На следующее утро капитану Льюису пора было отправляться в Сент-Луис, чтобы приступить к исполнению обязанностей правителя нового края. По дороге он планировал ещё провести день в доме матери, повидать родню в Шарлоттсвилле, посидеть у постели прихворнувшего дядюшки Николаса.

За завтраком Джефферсон давал своему бывшему секретарю последние наставления, просил немедленно сообщать ему в Вашингтон о возникающих трудностях, обещал поддерживать все его начинания перед конгрессом и кабинетом министров. Льюис слушал его с рассеянным видом, потом вдруг спросил:

– А что мисс Рэндольф – она ещё долго пробудет в Монтичелло?

– Неделю или две. Потом они с матерью уедут в Эдж-Хилл.

– Догадываюсь, что женихи вокруг такой девушки уже вьются толпой.

– Если это так, то меня держат в неведении. Да и не рано ли? Девочке едва исполнилось шестнадцать.

– Вернувшись обратно в цивилизованное общество, я обнаружил, что утратил многие навыки общения. Особенно с женщинами, особенно с молодыми. Легко впадаю в смущение, боюсь наскучить, показаться банальным и неотёсанным.

– Ну не знаю. Мне показалось, что обе мои дамы были просто очарованы вами.

– Правда? А как вы считаете, удобно будет, если я напишу письмо мисс Рэндольф?

– Уверен, она будет очень рада получить его. И для её матери, и для меня было бы очень грустно расстаться с ней. Но мы оба понимаем, что рано или поздно это неизбежно. И нам было бы отрадно, если бы её похитил у нас человек ваших достоинств.

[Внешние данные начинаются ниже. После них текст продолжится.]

lemma orbit_sums_zero_vertex:
  assumes "finite V" "equivariant D" "X \<in> sign_vectors V" "card (supp X) = 1"
    and orbit: "\<And>x. x \<in> V \<Longrightarrow> (\<Sum>Y\<in>{Y\<in>sign_vectors V. supp Y = {x} \<and> Y x = 1}. D Y) = 0"
  shows "D X = 0"
proof -
  obtain x where x: "supp X = {x}" using assms(4) card_1_singletonE by blast
  then have "x \<in> V" using assms(3) by (auto simp: sign_vectors_def)
  define E where "E = (\<lambda>i. if i = x then 1 else (0::int))"
  have "Y = E" if "supp Y = {x}" "Y x = 1" for Y
  proof
    fix i
    have "i \<noteq> x \<Longrightarrow> i \<notin> supp Y" using that(1) by simp
    then show "Y i = E i" using that(2) by (auto simp: E_def supp_def)
  qed
  then have "{Y\<in>sign_vectors V. supp Y = {x} \<and> Y x = 1} = {E}"
    using \<open>x \<in> V\<close> by (auto simp: E_def sign_vectors_def supp_def split: if_splits)
  then have "D E = 0" using orbit[OF \<open>x \<in> V\<close>] by simp
  moreover have "X = E \<or> negv X = E"
  proof (cases "X x = 1")
    case True
    then show ?thesis using \<open>\<And>Y. supp Y = {x} \<Longrightarrow> Y x = 1 \<Longrightarrow> Y = E\<close> x by blast
  next
    case False
    then have "negv X x = 1"
      using sign_vectors_value_supp[OF assms(3), of x] x by (simp add: negv_def)
    then show ?thesis using \<open>\<And>Y. supp Y = {x} \<Longrightarrow> Y x = 1 \<Longrightarrow> Y = E\<close> x by simp
  qed
  ultimately show ?thesis using assms(2) unfolding equivariant_def by (metis negv_negv)
qed

text \<open>An equivariant \<open>n\<close>-cocycle on the boundary of the cross-polytope is determined up to
  equivariant coboundaries by its sums over the positive halves of the orbits of the
  \<open>n\<close>-faces on each \<open>(n+1)\<close>-set of coordinates, i.e. by its values on the sub-projective spaces
  \<open>\<real>P\<^sup>n\<close>.\<close>
lemma equiv_cohomologous_by_orbit_sums:
  assumes "equivariant a" "equivariant b"
    and "\<And>Y. Y \<in> sign_vectors {1..m} \<Longrightarrow> card (supp Y) = Suc (Suc n) \<Longrightarrow> coboundary a Y = 0"
    and "\<And>Y. Y \<in> sign_vectors {1..m} \<Longrightarrow> card (supp Y) = Suc (Suc n) \<Longrightarrow> coboundary b Y = 0"
    and "\<And>A x. A \<subseteq> {1..m} \<Longrightarrow> card A = Suc n \<Longrightarrow> x \<in> A \<Longrightarrow>
      (\<Sum>X\<in>{X\<in>sign_vectors {1..m}. supp X = A \<and> X x = 1}. a X)
      = (\<Sum>X\<in>{X\<in>sign_vectors {1..m}. supp X = A \<and> X x = 1}. b X)"
  shows "equiv_cohomologous m n a b"
proof -
  define D where "D X = a X + b X" for X
  have eqv: "equivariant D" using assms(1,2) by (simp add: equivariant_def D_def)
  have cocycle: "coboundary D Y = 0"
    if "Y \<in> sign_vectors {1..m}" "card (supp Y) = Suc (Suc n)" for Y
    using assms(3,4)[OF that] unfolding D_def coboundary_add by simp
  have orbit: "(\<Sum>X\<in>{X\<in>sign_vectors {1..m}. supp X = A \<and> X x = 1}. D X) = 0"
    if "A \<subseteq> {1..m}" "card A = Suc n" "x \<in> A" for A x
    using assms(5)[OF that] unfolding D_def sum.distrib by simp
  have "\<exists>c. equivariant c \<and> (\<forall>X\<in>faces m n. D X = (if n = 0 then 0 else coboundary c X))"
  proof (cases "n = 0")
    case True
    have vertex_orbit: "(\<Sum>Y\<in>{Y\<in>sign_vectors {1..m}. supp Y = {x} \<and> Y x = 1}. D Y) = 0"
      if "x \<in> {1..m}" for x
      using orbit[of "{x}" x] that True by simp
    have "D X = 0" if "X \<in> faces m n" for X
      using that True by (intro orbit_sums_zero_vertex[OF _ eqv _ _ vertex_orbit]) (simp_all add: faces_eq)
    then show ?thesis
      using True by (intro exI[of _ "\<lambda>_. 0"]) (simp add: equivariant_def)
  next
    case False
    then show ?thesis
      using equivariant_cocycle_is_coboundary[of "{1..m}" n D] eqv cocycle orbit
      by (auto simp: faces_eq)
  qed
  then show ?thesis
    unfolding equiv_cohomologous_def D_def by simp
qed

theorem theorem4p1:
  fixes m r :: nat and C :: "(nat \<Rightarrow> int) set"
  assumes "r \<le> m"
    and "oriented_matroid_cocircuits m C"
    and "uniform_rank m r C"
  shows "equivariant (C_M C)
       \<and> is_cocycle m (m - r) (C_M C)
       \<and> equiv_cohomologous m (m - r) (C_M C) (w1_pow (m - r))"
proof -
  interpret uniform_oriented_matroid m r C using assms by unfold_locales
  have w1_pow_cocycle: "coboundary (w1_pow (m - r)) Y = 0"
    if "Y \<in> sign_vectors {1..m}" "card (supp Y) = Suc (Suc (m - r))" for Y
    using coboundary_w1_pow[OF _ finite_supp_sign_vectors] sign_vectors_value that by blast
  have "equiv_cohomologous m (m - r) (C_M C) (w1_pow (m - r))"
    using sum_C_M_orbit sum_w1_pow_orbit[of "{1..m}"]
    by (intro equiv_cohomologous_by_orbit_sums equivariant_C_M equivariant_w1_pow coboundary_C_M
        w1_pow_cocycle) simp_all
  then show ?thesis
    using equivariant_C_M coboundary_C_M unfolding is_cocycle_def faces_eq by simp
qed

end
(* Let $\mathcal A$ be an S-ring over a finite group $G$ and $H$ a normal subgroup of $G$ with $H\in\mathcal H(\mathcal A)$. Let $\mathcal A'$ be the S-ring over $G$ generated by $\mathcal A$ and the cosets of $G$ by $H$, and let $H'=\{x\mapsto xh:\ h\in H\}$. Then $\mathrm{Aut}(\mathcal A)$ normalizes the group $\langle\mathrm{Aut}(\mathcal A'),H'\rangle$.
   Context: An S-ring over a finite group $G$ is a subring $\mathcal A$ of $\mathbb Z[G]$ with $\mathbb Z$-basis $\{\sum_{x\in X}x: X\in\mathcal S(\mathcal A)\}$ for a partition $\mathcal S(\mathcal A)$ of $G$ into nonempty basic sets with $\{1\}\in\mathcal S(\mathcal A)$ and $X\in\mathcal S(\mathcal A)\Rightarrow X^{-1}\in\mathcal S(\mathcal A)$; $\mathcal S^*(\mathcal A)$ is the set of unions of basic sets and $\mathcal H(\mathcal A)$ the set of subgroups of $G$ lying in $\mathcal S^*(\mathcal A)$. The S-ring generated by $\mathcal A$ and sets $Y_j$ is the smallest S-ring $\mathcal A'$ with $\mathcal S^*(\mathcal A)\cup\{Y_j\}\subseteq\mathcal S^*(\mathcal A')$. For $X\subseteq G$ let $R_G(X)=\{(g,xg): g\in G, x\in X\}$. The Cayley scheme of $\mathcal A$ is the partition $\{R_G(X): X\in\mathcal S(\mathcal A)\}$ of $G\times G$; $\mathrm{Aut}(\mathcal A)$ is the group of permutations $f$ of $G$ with $1^f=1$ and $R_G(X)^f=R_G(X)$ for all $X\in\mathcal S(\mathcal A)$. *)

theory Defs
  imports "HOL-Algebra.Algebra"
begin

text \<open>S-rings over a finite group G, represented by their partition S(A) into basic sets.
The condition that the W-span of the basic-set sums is closed under multiplication is
written out literally: for basic sets U, V, the coefficient of z in the product
(sum U)(sum V), namely the number of pairs (x,y) in U x V with x y = z, is constant
on every basic set W.\<close>

definition inv_set_sr :: "('a, 'b) monoid_scheme \<Rightarrow> 'a set \<Rightarrow> 'a set" where
  "inv_set_sr G U = (\<lambda>x. m_inv G x) ` U"

definition is_sring :: "('a, 'b) monoid_scheme \<Rightarrow> 'a set set \<Rightarrow> bool" where
  "is_sring G S \<longleftrightarrow>
     (\<forall>U\<in>S. U \<noteq> {}) \<and>
     (\<forall>U\<in>S. \<forall>V\<in>S. U \<noteq> V \<longrightarrow> U \<inter> V = {}) \<and>
     \<Union>S = carrier G \<and>
     {one G} \<in> S \<and>
     (\<forall>U\<in>S. inv_set_sr G U \<in> S) \<and>
     (\<forall>U\<in>S. \<forall>V\<in>S. \<forall>W\<in>S. \<forall>z1\<in>W. \<forall>z2\<in>W.
        card {(x, y). x \<in> U \<and> y \<in> V \<and> monoid.mult G x y = z1}
      = card {(x, y). x \<in> U \<and> y \<in> V \<and> monoid.mult G x y = z2})"

definition sstar :: "'a set set \<Rightarrow> 'a set set" where
  "sstar S = {\<Union>T | T. T \<subseteq> S}"

definition sring_subgroups :: "('a, 'b) monoid_scheme \<Rightarrow> 'a set set \<Rightarrow> 'a set set" where
  "sring_subgroups G S = {H. subgroup H G \<and> H \<in> sstar S}"

definition sring_generated_by ::
  "('a, 'b) monoid_scheme \<Rightarrow> 'a set set \<Rightarrow> 'a set set \<Rightarrow> 'a set set \<Rightarrow> bool" where
  "sring_generated_by G S Ys S' \<longleftrightarrow>
     is_sring G S' \<and> sstar S \<union> Ys \<subseteq> sstar S' \<and>
     (\<forall>S''. is_sring G S'' \<and> sstar S \<union> Ys \<subseteq> sstar S'' \<longrightarrow> sstar S' \<subseteq> sstar S'')"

Марта и Анна вышли на крыльцо попрощаться с гостем. Он поцеловал руки обеим, обещал прислать семена интересных растений с берегов Миссисипи и Миссури. Анна в ответ извлекла из ридикюля стеклянную баночку с вареньем, вручила ему.

– Этот крыжовник я сама выращивала, сама собирала, сама варила. Пусть он подсластит вам горечь рэндольфинии, когда вы отыщете её.

– О мисс Рэндольф! Я растяну эту амброзию до нашей следующей встречи. Буду принимать её крошечными порциями, как Святое причастие.

Через два дня пришло время и для Джефферсона возвращаться к своим обязанностям в Вашингтон. Утром в день отъезда Салли, преображённая известием о готовящейся женитьбе сына, расхаживала по спальне в одном халате, укладывала в дорожный сундучок выглаженные рубашки, чулки, тёплые носки, шейные платки. Потом подошла к Джефферсону, обдала волной французских духов, обняла за шею обеими руками, прижалась к груди.

– Вы правда исполните то, что ночью, в пылу, обещали Агари? Нанесёте визит Измаилу?

– Конечно, исполню. Я и так собирался навестить кузена Вудсона. Свернуть к его поместью – крюк небольшой. Возможно, заночую у него.

– Я тут накопила немного денег, заработала шитьём платьев для дам в Шарлоттсвилле. Могу я послать их с вами?